§ Exercise brief
Only the lines below starting at the one that contains "map (ray_act g" and ending at the one that contains "using tree_aut_inj [OF" are to be reproduced, exactly and with both ends kept.

(Dataset excerpts)
+ + + + + + +

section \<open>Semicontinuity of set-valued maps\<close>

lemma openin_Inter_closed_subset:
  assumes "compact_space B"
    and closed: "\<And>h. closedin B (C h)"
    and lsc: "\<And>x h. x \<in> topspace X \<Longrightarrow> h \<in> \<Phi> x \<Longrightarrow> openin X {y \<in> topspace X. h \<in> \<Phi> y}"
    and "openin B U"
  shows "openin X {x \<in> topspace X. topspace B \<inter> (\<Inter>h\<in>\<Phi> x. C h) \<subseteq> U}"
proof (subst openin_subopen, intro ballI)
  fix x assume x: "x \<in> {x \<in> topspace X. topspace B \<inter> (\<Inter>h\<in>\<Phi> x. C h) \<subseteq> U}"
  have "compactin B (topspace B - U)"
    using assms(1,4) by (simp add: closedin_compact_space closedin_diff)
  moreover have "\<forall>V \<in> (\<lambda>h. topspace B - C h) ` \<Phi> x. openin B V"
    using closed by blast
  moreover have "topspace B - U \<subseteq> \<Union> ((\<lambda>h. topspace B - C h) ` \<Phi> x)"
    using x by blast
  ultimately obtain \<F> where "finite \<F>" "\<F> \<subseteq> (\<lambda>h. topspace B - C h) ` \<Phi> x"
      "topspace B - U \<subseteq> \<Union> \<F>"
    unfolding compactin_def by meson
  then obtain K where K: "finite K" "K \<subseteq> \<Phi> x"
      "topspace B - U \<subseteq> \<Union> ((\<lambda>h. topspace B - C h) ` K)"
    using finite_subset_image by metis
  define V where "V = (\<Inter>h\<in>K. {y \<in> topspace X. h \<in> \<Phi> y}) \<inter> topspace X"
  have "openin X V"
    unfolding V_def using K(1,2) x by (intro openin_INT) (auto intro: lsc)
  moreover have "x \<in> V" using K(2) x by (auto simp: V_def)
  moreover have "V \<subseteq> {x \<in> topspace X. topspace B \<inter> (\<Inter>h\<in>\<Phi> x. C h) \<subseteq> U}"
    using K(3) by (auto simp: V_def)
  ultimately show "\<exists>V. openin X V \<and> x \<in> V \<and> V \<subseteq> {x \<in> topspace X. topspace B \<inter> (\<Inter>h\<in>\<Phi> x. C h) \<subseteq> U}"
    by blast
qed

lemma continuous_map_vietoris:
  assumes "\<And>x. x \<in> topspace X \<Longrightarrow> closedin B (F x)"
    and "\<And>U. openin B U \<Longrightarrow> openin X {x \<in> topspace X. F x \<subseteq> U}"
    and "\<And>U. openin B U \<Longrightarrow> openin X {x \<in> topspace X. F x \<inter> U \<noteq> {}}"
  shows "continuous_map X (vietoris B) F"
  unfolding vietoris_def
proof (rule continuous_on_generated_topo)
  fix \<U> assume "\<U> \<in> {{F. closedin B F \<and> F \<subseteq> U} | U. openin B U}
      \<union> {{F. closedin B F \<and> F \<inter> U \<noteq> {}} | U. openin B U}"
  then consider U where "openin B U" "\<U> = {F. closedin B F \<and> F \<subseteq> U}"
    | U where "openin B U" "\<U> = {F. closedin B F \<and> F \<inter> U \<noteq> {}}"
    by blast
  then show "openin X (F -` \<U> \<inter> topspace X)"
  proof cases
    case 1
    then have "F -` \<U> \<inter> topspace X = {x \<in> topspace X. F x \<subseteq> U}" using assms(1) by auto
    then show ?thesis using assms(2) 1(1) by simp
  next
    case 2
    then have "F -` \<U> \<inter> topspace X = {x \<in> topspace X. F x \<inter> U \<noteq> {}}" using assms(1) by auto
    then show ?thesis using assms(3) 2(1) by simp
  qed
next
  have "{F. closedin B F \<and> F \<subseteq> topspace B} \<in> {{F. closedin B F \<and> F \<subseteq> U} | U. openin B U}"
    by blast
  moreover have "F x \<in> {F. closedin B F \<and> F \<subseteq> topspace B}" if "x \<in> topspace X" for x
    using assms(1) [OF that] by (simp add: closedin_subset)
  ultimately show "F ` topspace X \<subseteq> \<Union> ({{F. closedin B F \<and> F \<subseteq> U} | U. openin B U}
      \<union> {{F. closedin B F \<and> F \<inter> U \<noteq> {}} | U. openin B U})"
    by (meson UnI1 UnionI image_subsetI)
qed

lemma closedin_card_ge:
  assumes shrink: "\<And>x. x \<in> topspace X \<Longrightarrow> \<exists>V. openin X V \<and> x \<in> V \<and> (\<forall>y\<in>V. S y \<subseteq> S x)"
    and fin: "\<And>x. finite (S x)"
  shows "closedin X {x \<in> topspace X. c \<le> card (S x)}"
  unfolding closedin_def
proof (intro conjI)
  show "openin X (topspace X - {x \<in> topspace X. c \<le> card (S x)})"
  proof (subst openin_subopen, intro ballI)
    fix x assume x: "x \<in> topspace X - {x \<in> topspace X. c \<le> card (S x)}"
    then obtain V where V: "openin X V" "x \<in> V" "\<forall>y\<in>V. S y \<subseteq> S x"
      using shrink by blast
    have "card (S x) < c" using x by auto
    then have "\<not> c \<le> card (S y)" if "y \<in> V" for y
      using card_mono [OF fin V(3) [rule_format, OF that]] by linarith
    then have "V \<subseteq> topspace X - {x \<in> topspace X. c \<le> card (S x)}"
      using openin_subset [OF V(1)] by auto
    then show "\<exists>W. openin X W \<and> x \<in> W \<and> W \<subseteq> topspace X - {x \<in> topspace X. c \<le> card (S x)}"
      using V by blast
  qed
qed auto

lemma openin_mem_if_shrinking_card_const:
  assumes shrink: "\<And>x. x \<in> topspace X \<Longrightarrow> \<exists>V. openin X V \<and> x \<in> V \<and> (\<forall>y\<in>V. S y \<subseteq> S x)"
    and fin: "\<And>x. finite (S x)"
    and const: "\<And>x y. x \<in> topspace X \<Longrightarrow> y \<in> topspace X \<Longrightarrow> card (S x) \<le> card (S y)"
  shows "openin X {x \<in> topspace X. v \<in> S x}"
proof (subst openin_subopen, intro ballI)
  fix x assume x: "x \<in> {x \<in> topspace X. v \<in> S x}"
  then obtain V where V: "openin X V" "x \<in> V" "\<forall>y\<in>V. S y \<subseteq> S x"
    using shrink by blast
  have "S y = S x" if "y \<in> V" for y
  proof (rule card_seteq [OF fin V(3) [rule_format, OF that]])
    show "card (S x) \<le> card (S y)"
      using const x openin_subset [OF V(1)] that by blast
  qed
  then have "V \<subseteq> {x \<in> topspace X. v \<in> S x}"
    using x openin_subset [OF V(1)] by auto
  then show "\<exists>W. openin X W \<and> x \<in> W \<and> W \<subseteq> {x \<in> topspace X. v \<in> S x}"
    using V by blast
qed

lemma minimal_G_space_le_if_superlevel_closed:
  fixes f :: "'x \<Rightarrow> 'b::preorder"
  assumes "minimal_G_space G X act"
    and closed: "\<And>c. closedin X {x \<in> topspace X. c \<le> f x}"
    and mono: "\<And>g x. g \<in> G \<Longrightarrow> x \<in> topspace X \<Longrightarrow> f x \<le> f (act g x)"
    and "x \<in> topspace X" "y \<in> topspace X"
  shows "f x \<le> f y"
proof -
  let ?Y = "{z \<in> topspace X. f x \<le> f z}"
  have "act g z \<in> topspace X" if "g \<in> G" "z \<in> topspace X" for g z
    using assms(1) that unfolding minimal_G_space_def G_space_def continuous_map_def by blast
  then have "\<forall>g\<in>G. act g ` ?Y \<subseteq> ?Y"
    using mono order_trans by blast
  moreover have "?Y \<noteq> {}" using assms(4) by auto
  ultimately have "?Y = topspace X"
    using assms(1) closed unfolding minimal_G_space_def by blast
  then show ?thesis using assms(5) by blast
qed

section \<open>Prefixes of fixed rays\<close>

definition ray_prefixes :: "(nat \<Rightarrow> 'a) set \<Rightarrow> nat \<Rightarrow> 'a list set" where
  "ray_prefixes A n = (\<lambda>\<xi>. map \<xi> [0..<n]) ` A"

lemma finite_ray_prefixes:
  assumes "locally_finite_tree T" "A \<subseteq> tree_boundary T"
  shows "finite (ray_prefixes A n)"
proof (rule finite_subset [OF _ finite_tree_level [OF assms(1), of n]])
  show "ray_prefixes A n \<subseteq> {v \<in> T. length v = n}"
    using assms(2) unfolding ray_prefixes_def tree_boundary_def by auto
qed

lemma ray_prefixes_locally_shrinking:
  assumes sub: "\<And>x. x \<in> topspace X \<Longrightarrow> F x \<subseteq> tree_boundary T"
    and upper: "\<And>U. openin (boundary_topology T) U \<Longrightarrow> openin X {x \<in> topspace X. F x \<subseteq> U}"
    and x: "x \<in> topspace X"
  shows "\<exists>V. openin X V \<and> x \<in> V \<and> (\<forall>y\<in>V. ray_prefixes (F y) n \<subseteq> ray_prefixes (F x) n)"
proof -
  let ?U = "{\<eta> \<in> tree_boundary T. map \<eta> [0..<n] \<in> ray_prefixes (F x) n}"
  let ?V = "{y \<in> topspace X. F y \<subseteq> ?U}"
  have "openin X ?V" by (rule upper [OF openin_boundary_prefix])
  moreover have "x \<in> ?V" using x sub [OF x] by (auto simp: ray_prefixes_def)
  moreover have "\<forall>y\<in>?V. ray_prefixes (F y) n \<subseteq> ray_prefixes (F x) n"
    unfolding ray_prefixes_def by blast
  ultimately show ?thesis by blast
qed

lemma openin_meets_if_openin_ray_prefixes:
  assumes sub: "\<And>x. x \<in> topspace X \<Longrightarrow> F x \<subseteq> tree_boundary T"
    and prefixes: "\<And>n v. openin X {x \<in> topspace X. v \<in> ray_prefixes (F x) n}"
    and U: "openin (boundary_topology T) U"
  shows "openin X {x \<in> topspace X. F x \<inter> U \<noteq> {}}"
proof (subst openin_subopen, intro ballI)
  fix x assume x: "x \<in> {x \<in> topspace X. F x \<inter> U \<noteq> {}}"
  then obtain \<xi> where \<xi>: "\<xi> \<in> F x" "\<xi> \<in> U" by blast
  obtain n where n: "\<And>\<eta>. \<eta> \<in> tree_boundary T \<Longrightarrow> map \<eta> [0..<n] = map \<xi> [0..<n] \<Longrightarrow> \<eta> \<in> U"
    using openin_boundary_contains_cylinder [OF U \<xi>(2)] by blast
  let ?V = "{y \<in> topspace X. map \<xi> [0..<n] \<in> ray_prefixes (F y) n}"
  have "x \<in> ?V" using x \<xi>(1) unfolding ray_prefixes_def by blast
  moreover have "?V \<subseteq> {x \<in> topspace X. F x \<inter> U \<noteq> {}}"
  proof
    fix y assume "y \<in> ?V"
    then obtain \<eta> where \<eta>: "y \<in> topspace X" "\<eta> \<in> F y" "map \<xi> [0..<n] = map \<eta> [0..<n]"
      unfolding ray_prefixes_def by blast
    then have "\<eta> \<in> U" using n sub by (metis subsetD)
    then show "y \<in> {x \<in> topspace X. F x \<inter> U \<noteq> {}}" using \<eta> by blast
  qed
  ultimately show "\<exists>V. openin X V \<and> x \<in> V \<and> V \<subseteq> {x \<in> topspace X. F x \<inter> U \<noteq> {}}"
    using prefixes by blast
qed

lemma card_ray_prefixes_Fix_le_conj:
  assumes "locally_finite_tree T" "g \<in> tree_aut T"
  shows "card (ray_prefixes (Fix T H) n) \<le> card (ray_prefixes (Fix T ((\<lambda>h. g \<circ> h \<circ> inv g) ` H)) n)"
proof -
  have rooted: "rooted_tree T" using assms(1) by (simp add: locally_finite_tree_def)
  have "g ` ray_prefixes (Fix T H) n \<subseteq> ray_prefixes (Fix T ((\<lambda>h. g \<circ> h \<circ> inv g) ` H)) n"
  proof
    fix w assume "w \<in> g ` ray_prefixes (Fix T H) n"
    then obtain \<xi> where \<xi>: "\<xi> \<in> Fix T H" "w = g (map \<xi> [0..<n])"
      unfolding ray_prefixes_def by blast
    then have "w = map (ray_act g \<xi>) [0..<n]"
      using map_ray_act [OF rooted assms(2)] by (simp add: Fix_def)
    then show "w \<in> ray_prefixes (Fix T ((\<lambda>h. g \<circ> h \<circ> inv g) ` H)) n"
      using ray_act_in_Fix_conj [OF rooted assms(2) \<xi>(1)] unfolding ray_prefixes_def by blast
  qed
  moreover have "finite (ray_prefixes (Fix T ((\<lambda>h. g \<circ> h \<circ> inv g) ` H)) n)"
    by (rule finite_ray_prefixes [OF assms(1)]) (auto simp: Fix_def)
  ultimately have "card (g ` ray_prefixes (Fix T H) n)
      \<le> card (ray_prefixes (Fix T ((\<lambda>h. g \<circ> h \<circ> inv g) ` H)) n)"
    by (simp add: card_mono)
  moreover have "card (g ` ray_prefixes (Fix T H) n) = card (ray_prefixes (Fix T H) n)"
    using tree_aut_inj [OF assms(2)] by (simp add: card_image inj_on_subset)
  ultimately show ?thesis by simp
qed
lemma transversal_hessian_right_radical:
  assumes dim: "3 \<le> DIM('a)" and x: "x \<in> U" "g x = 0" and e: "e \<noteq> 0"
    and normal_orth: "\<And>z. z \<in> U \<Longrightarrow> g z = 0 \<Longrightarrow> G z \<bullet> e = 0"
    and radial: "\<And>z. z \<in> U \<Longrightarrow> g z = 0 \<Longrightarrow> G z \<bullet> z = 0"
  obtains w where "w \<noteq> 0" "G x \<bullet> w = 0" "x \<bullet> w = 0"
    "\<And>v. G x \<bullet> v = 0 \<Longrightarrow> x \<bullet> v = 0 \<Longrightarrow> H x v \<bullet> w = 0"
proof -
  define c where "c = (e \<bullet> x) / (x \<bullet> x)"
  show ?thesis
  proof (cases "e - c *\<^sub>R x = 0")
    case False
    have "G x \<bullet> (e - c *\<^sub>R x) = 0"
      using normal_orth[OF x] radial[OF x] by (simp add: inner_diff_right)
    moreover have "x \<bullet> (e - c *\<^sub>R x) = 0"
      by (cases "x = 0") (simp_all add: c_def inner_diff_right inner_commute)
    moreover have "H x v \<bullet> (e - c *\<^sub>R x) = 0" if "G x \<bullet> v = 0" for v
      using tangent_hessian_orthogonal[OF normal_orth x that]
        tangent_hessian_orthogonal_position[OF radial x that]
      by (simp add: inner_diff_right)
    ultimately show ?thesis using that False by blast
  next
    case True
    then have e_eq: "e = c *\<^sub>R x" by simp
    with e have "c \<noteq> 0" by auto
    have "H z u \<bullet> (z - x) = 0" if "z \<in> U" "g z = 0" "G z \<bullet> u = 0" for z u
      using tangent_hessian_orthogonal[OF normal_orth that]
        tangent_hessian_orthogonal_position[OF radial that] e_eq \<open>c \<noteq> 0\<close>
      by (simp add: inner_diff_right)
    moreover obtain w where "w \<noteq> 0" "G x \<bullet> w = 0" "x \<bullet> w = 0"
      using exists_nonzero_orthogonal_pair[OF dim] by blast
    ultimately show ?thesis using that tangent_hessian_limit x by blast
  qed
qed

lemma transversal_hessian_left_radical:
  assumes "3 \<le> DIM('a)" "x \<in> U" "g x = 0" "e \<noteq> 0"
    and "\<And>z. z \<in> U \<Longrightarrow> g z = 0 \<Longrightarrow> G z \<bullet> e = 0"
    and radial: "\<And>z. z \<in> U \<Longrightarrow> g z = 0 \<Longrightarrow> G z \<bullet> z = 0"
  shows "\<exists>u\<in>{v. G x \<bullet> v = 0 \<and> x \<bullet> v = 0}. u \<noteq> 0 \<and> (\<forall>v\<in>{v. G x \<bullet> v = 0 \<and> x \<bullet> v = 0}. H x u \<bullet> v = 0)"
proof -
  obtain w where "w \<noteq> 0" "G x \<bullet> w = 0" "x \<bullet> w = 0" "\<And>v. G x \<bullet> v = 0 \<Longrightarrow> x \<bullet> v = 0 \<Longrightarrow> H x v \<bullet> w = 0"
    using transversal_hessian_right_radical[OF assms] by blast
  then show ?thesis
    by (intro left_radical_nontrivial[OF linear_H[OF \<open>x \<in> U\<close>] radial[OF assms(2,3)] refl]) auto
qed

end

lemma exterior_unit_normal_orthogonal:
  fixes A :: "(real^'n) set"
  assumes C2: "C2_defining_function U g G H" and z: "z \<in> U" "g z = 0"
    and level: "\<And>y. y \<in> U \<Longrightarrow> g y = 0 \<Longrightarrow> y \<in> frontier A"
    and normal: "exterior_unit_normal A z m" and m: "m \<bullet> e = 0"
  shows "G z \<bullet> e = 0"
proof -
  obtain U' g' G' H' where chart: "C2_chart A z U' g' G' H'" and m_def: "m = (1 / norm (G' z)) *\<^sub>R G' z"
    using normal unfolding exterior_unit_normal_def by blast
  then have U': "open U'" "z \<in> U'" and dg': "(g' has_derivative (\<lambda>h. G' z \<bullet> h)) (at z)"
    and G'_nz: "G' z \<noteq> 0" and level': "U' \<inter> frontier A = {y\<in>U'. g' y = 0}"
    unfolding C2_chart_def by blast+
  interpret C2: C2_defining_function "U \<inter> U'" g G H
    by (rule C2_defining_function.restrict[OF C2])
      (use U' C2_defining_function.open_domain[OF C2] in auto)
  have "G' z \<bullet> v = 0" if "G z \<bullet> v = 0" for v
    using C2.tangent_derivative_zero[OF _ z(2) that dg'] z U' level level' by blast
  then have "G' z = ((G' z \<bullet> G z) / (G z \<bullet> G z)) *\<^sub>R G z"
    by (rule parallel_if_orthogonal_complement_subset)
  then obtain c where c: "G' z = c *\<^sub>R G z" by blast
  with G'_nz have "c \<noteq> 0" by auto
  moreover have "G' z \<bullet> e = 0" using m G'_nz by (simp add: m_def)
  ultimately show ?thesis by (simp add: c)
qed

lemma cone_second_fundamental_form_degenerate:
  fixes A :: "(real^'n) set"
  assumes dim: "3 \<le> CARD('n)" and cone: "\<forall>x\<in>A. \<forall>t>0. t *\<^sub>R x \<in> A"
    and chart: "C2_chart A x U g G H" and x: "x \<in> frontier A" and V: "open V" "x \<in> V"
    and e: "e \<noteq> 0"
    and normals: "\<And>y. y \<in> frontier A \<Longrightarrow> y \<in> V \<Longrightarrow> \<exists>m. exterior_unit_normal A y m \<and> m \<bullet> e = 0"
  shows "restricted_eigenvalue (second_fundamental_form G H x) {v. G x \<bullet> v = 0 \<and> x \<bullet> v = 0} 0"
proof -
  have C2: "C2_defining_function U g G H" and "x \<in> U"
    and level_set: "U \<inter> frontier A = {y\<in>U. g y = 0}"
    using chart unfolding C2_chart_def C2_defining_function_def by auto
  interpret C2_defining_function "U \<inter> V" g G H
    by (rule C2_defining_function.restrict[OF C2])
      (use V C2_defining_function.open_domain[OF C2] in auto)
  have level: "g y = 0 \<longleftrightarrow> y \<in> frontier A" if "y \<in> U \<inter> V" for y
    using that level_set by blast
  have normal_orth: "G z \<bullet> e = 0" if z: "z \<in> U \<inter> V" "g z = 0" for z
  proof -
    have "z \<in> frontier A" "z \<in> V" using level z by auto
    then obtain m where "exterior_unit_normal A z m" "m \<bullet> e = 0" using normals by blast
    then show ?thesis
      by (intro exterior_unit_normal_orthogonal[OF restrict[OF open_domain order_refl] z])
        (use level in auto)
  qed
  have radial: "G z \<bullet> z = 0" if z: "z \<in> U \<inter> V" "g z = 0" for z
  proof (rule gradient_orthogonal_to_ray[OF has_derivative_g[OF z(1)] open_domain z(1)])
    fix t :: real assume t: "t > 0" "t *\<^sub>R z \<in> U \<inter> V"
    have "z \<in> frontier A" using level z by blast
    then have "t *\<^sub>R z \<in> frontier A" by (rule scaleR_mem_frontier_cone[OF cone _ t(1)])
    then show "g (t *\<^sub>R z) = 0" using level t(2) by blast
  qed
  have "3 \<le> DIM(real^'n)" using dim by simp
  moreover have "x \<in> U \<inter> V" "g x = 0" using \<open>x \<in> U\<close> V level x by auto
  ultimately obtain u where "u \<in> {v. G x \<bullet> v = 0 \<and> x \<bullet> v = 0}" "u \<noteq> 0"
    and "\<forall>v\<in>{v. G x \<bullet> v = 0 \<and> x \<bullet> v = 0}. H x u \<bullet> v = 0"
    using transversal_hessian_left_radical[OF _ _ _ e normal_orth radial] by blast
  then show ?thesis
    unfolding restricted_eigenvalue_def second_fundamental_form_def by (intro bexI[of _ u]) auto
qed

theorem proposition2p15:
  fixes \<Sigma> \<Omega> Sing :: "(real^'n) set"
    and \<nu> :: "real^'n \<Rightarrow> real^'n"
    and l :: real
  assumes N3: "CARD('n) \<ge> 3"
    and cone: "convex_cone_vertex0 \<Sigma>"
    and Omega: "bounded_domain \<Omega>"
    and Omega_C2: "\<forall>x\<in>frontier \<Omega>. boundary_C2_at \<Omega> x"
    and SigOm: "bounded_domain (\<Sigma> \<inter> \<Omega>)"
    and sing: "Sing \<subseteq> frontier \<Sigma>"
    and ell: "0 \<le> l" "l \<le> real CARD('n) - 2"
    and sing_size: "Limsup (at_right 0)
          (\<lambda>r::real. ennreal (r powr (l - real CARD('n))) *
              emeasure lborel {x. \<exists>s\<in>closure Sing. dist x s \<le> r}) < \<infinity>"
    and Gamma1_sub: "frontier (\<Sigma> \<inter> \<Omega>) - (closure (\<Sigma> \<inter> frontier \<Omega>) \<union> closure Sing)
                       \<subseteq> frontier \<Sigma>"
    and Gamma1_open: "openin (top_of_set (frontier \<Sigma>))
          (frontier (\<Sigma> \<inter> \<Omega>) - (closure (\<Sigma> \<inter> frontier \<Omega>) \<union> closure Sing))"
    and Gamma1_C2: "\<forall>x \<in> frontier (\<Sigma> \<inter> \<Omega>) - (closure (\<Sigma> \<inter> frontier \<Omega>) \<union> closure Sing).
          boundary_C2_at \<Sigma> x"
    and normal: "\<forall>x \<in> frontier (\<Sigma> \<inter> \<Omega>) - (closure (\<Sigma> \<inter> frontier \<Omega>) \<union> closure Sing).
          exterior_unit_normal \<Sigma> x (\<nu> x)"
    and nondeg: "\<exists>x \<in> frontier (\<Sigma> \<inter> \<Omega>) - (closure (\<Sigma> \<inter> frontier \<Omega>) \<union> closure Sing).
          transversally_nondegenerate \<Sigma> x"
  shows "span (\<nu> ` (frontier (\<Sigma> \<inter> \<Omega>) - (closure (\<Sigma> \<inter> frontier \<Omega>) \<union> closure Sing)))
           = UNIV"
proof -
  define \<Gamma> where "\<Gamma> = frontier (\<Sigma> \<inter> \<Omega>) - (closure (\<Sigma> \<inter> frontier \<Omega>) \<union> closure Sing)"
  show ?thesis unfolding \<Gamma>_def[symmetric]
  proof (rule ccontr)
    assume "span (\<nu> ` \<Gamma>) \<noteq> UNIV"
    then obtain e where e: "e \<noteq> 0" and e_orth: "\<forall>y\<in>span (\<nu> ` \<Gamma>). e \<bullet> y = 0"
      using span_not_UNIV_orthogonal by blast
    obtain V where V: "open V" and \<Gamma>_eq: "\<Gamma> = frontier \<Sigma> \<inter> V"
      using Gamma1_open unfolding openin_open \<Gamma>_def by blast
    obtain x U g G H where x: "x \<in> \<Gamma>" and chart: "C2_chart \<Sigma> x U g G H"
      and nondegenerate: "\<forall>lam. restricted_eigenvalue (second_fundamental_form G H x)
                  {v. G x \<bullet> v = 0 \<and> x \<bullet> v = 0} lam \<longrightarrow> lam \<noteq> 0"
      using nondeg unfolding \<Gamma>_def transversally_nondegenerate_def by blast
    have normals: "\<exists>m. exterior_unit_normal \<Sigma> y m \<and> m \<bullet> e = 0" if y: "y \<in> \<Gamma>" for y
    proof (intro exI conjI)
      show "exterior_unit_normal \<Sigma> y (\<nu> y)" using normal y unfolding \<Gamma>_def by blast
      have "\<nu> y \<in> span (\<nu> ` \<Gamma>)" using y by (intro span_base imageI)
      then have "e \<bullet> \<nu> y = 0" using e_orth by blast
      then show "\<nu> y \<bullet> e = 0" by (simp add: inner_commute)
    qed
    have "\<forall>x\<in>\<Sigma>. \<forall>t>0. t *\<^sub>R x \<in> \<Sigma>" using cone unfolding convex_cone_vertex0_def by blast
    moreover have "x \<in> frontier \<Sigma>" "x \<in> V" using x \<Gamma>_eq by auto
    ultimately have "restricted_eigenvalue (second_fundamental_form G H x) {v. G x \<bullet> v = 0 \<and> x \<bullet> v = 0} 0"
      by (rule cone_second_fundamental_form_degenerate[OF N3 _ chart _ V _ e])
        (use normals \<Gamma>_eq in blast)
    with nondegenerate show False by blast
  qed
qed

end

+ + + + + + +

§ Response to this task
    then have "w = map (ray_act g \<xi>) [0..<n]"
      using map_ray_act [OF rooted assms(2)] by (simp add: Fix_def)
    then show "w \<in> ray_prefixes (Fix T ((\<lambda>h. g \<circ> h \<circ> inv g) ` H)) n"
      using ray_act_in_Fix_conj [OF rooted assms(2) \<xi>(1)] unfolding ray_prefixes_def by blast
  qed
  moreover have "finite (ray_prefixes (Fix T ((\<lambda>h. g \<circ> h \<circ> inv g) ` H)) n)"
    by (rule finite_ray_prefixes [OF assms(1)]) (auto simp: Fix_def)
  ultimately have "card (g ` ray_prefixes (Fix T H) n)
      \<le> card (ray_prefixes (Fix T ((\<lambda>h. g \<circ> h \<circ> inv g) ` H)) n)"
    by (simp add: card_mono)
  moreover have "card (g ` ray_prefixes (Fix T H) n) = card (ray_prefixes (Fix T H) n)"
    using tree_aut_inj [OF assms(2)] by (simp add: card_image inj_on_subset)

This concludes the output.